● Aim of the exercise
Produce a verbatim copy of the entries listed below.

● The records
(* On $\ell^2$ (real square-summable sequences, with canonical Hilbert basis $e_1,e_2,\dots$) define for $n=0,1,2,\dots$ the operator $A_n$ with domain $D(A_n)=\{(x_j)_{j\ge1}\in\ell^2:\sum_j j^2|x_j|^2<\infty\}$ by $A_ne_j=je_j$ for $j\neq n$ and $A_ne_n=-ne_n$ (so $A_0e_j=je_j$ for all $j$). Then each $A_n\in\mathcal S$, $\gamma(A_n,A_0)\to0$, but $\rho(A_n,A_0)\not\to 0$; more precisely, for any $\alpha\in\mathcal A$ with $\alpha(\lambda)=1$ for $\lambda$ sufficiently large and $\alpha(\lambda)=0$ for $\lambda$ sufficiently negative, $\|\alpha(A_n)-\alpha(A_0)\|=1$ for all sufficiently large $n$. In particular the identity map $(\mathcal S,\gamma)\to(\mathcal S,\rho)$ is not continuous.
   Context: $\mathcal S$ denotes the set of densely defined selfadjoint operators on a separable real Hilbert space (operators extended complex-linearly to the complexification when needed). Riesz map $\Psi(A)=A(1+A^2)^{-1/2}$, Riesz metric $\rho(A_0,A_1)=\|\Psi(A_0)-\Psi(A_1)\|$, gap metric $\gamma(A_0,A_1)=\|(\mathbf i+A_0)^{-1}-(\mathbf i+A_1)^{-1}\|+\|(\mathbf i-A_0)^{-1}-(\mathbf i-A_1)^{-1}\|$. $\mathcal A$ is the $C^*$-algebra of continuous $f:\mathbb R\to\mathbb C$ for which both limits at $\pm\infty$ exist; $f(A)$ is defined by functional calculus. *)

theory Defs
  imports Complex_Main
begin

type_synonym rseq = "nat \<Rightarrow> real"
type_synonym cseq = "nat \<Rightarrow> complex"

text \<open>Index j :: nat corresponds to the paper's basis vector e_(j+1).\<close>

definition rell2 :: "rseq set" where
  "rell2 = {x. summable (\<lambda>j. (x j)^2)}"

definition rinner :: "rseq \<Rightarrow> rseq \<Rightarrow> real" where
  "rinner x y = (\<Sum>j. x j * y j)"

definition rnorm :: "rseq \<Rightarrow> real" where
  "rnorm x = sqrt (\<Sum>j. (x j)^2)"

definition cell2 :: "cseq set" where
  "cell2 = {z. summable (\<lambda>j. (cmod (z j))^2)}"

definition cinner :: "cseq \<Rightarrow> cseq \<Rightarrow> complex" where
  "cinner x y = (\<Sum>j. x j * cnj (y j))"

definition cnorm :: "cseq \<Rightarrow> real" where
  "cnorm z = sqrt (\<Sum>j. (cmod (z j))^2)"

type_synonym rop = "rseq set \<times> (rseq \<Rightarrow> rseq)"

● Response box
(* On $\ell^2$ (real square-summable sequences, with canonical Hilbert basis $e_1,e_2,\dots$) define for $n=0,1,2,\dots$ the operator $A_n$ with domain $D(A_n)=\{(x_j)_{j\ge1}\in\ell^2:\sum_j j^2|x_j|^2<\infty\}$ by $A_ne_j=je_j$ for $j\neq n$ and $A_ne_n=-ne_n$ (so $A_0e_j=je_j$ for all $j$). Then each $A_n\in\mathcal S$, $\gamma(A_n,A_0)\to0$, but $\rho(A_n,A_0)\not\to 0$; more precisely, for any $\alpha\in\mathcal A$ with $\alpha(\lambda)=1$ for $\lambda$ sufficiently large and $\alpha(\lambda)=0$ for $\lambda$ sufficiently negative, $\|\alpha(A_n)-\alpha(A_0)\|=1$ for all sufficiently large $n$. In particular the identity map $(\mathcal S,\gamma)\to(\mathcal S,\rho)$ is not continuous.
   Context: $\mathcal S$ denotes the set of densely defined selfadjoint operators on a separable real Hilbert space (operators extended complex-linearly to the complexification when needed). Riesz map $\Psi(A)=A(1+A^2)^{-1/2}$, Riesz metric $\rho(A_0,A_1)=\|\Psi(A_0)-\Psi(A_1)\|$, gap metric $\gamma(A_0,A_1)=\|(\mathbf i+A_0)^{-1}-(\mathbf i+A_1)^{-1}\|+\|(\mathbf i-A_0)^{-1}-(\mathbf i-A_1)^{-1}\|$. $\mathcal A$ is the $C^*$-algebra of continuous $f:\mathbb R\to\mathbb C$ for which both limits at $\pm\infty$ exist; $f(A)$ is defined by functional calculus. *)

theory Defs
  imports Complex_Main
begin

type_synonym rseq = "nat \<Rightarrow> real"
type_synonym cseq = "nat \<Rightarrow> complex"

text \<open>Index j :: nat corresponds to the paper's basis vector e_(j+1).\<close>

definition rell2 :: "rseq set" where
  "rell2 = {x. summable (\<lambda>j. (x j)^2)}"

definition rinner :: "rseq \<Rightarrow> rseq \<Rightarrow> real" where
  "rinner x y = (\<Sum>j. x j * y j)"

definition rnorm :: "rseq \<Rightarrow> real" where
  "rnorm x = sqrt (\<Sum>j. (x j)^2)"

definition cell2 :: "cseq set" where
  "cell2 = {z. summable (\<lambda>j. (cmod (z j))^2)}"

definition cinner :: "cseq \<Rightarrow> cseq \<Rightarrow> complex" where
  "cinner x y = (\<Sum>j. x j * cnj (y j))"

definition cnorm :: "cseq \<Rightarrow> real" where
  "cnorm z = sqrt (\<Sum>j. (cmod (z j))^2)"

type_synonym rop = "rseq set \<times> (rseq \<Rightarrow> rseq)"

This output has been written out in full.